* [WORK REQUIRED]
As the answer, set down the lines below from the one containing "(if bob_wins n" through the one containing "Bob wins \<open>ab\<^sub>n\<close>", exactly and inclusively, and no others.

──────── INPUT ────────

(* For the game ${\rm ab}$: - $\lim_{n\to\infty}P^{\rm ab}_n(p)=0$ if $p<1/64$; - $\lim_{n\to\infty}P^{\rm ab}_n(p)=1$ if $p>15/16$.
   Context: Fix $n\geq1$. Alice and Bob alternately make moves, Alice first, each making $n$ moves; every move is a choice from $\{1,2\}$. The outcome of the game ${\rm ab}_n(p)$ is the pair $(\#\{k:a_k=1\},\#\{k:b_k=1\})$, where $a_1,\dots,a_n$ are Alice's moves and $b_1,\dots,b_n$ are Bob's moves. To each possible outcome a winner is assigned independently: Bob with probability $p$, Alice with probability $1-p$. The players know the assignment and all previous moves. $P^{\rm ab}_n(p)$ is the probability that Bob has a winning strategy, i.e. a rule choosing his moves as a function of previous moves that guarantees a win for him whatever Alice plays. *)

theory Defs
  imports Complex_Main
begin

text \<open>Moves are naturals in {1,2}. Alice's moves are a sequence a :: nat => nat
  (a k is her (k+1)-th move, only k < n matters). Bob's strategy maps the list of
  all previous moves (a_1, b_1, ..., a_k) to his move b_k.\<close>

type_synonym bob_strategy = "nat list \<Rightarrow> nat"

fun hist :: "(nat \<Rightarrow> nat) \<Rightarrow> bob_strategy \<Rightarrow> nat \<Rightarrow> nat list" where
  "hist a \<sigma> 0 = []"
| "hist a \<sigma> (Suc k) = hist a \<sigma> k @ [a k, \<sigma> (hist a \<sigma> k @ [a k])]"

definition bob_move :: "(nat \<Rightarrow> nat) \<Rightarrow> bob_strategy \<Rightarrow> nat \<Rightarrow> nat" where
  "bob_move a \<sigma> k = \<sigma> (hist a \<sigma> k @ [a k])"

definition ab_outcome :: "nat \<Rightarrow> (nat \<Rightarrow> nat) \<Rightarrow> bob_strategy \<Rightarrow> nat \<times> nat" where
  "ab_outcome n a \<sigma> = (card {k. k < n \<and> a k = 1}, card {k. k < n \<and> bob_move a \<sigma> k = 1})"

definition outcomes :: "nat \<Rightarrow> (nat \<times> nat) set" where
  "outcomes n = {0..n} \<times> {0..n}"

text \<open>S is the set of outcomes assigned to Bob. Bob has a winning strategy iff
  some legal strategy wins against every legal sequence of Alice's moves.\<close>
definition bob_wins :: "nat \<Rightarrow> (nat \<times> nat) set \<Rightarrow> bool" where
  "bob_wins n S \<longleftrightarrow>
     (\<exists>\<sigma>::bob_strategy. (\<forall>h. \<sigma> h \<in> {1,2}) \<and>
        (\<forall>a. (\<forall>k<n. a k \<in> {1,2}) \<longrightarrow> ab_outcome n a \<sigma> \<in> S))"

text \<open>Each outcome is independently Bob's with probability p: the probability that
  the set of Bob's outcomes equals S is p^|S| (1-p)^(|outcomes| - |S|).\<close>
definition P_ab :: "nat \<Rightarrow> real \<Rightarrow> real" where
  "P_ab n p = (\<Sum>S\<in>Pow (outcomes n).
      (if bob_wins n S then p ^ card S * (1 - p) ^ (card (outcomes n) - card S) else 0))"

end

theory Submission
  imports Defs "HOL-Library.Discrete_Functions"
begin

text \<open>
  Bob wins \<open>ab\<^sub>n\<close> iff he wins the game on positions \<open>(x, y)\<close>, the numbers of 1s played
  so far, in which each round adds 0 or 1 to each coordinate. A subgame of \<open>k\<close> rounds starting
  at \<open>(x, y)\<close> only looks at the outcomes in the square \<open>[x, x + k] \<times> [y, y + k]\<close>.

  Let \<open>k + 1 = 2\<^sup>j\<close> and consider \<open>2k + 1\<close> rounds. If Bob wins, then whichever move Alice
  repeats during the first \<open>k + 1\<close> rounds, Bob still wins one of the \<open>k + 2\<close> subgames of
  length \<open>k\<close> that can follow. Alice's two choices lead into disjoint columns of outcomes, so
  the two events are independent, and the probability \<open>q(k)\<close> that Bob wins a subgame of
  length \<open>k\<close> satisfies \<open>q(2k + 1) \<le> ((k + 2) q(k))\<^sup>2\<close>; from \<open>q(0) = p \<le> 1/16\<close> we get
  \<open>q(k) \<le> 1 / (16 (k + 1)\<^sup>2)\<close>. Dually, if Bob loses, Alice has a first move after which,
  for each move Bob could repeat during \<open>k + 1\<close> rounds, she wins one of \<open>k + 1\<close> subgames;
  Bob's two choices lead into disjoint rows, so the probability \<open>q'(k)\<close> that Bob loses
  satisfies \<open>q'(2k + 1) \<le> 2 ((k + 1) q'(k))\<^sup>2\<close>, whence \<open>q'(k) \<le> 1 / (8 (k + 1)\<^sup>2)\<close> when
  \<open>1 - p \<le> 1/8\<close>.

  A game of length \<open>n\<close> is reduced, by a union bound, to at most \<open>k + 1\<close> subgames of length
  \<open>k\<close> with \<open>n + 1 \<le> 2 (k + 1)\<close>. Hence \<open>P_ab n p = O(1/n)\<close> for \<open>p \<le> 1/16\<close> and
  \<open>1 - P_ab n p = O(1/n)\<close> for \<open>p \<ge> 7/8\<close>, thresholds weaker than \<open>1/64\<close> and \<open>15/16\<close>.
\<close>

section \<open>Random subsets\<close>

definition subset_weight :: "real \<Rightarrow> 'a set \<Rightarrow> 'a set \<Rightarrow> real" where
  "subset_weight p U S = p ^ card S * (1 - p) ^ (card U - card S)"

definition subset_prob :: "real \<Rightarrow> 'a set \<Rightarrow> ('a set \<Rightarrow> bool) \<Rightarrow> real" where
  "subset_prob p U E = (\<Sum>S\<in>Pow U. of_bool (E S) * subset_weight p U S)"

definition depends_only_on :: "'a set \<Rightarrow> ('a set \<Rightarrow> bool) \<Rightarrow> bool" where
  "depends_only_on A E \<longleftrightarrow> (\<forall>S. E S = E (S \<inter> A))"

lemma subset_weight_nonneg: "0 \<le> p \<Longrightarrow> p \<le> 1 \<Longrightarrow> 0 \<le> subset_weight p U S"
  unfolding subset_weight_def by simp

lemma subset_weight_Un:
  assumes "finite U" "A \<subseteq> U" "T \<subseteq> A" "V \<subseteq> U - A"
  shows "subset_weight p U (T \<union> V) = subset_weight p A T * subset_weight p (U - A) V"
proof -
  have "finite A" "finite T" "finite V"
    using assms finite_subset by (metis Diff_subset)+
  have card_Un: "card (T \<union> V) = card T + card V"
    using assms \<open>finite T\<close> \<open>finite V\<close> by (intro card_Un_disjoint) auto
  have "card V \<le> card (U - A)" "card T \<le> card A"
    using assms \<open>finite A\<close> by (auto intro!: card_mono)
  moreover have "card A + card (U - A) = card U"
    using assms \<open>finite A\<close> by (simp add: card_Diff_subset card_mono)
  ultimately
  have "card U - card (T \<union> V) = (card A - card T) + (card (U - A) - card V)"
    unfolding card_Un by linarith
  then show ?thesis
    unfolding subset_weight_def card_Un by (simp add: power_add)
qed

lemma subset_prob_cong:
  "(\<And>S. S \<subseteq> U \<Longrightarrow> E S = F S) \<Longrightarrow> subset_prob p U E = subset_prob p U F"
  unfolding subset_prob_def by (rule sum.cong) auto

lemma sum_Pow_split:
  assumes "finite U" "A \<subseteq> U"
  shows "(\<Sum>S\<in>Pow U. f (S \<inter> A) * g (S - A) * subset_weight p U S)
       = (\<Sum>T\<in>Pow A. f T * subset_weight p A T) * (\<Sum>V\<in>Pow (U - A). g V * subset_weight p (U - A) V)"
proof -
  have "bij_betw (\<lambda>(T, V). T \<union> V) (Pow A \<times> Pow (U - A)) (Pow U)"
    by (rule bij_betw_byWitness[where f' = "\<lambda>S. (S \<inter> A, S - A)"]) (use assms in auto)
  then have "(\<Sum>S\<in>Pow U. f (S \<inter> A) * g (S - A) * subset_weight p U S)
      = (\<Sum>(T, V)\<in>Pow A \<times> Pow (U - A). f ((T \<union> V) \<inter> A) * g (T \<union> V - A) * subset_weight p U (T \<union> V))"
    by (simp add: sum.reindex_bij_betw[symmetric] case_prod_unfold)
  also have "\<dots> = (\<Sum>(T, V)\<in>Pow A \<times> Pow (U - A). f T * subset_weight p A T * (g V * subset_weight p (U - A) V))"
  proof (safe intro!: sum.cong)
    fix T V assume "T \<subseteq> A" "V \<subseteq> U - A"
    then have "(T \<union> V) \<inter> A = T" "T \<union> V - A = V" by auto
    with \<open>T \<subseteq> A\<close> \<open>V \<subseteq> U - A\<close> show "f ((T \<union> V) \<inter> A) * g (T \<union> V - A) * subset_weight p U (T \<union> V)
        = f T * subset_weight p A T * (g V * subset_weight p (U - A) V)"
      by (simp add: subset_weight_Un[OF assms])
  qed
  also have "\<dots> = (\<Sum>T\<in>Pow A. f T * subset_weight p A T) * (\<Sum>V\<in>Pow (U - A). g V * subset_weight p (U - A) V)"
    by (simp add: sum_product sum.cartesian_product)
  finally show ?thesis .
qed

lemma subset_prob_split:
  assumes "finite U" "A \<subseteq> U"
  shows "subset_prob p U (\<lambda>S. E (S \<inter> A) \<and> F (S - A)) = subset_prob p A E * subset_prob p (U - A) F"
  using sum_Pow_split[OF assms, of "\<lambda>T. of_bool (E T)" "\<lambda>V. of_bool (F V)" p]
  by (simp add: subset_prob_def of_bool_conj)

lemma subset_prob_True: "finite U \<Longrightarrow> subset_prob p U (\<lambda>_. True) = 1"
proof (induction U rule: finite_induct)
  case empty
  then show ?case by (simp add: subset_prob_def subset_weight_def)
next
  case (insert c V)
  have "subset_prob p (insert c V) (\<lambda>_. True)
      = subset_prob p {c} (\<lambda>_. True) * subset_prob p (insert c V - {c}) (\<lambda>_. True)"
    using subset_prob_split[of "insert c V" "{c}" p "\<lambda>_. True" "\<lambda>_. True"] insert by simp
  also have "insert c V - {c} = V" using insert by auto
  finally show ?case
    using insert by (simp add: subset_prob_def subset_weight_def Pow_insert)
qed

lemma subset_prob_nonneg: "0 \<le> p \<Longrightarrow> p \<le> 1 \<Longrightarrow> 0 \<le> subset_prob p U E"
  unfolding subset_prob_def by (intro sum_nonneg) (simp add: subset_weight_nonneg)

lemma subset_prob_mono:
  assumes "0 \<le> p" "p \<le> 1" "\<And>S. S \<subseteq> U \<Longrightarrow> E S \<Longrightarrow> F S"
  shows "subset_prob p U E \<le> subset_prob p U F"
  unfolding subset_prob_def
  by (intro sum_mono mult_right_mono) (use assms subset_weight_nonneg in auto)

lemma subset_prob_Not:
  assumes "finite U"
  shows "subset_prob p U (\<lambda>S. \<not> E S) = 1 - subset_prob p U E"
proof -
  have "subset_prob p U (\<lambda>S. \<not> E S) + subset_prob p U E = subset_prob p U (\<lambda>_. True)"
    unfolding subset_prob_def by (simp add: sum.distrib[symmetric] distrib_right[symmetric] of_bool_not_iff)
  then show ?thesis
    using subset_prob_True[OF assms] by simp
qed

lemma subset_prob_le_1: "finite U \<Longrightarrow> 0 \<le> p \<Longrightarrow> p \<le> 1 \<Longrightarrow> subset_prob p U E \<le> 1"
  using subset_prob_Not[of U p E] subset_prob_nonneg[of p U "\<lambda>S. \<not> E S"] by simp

────────

* [REPLY]
      (if bob_wins n S then p ^ card S * (1 - p) ^ (card (outcomes n) - card S) else 0))"

end

theory Submission
  imports Defs "HOL-Library.Discrete_Functions"
begin

text \<open>
  Bob wins \<open>ab\<^sub>n\<close> iff he wins the game on positions \<open>(x, y)\<close>, the numbers of 1s played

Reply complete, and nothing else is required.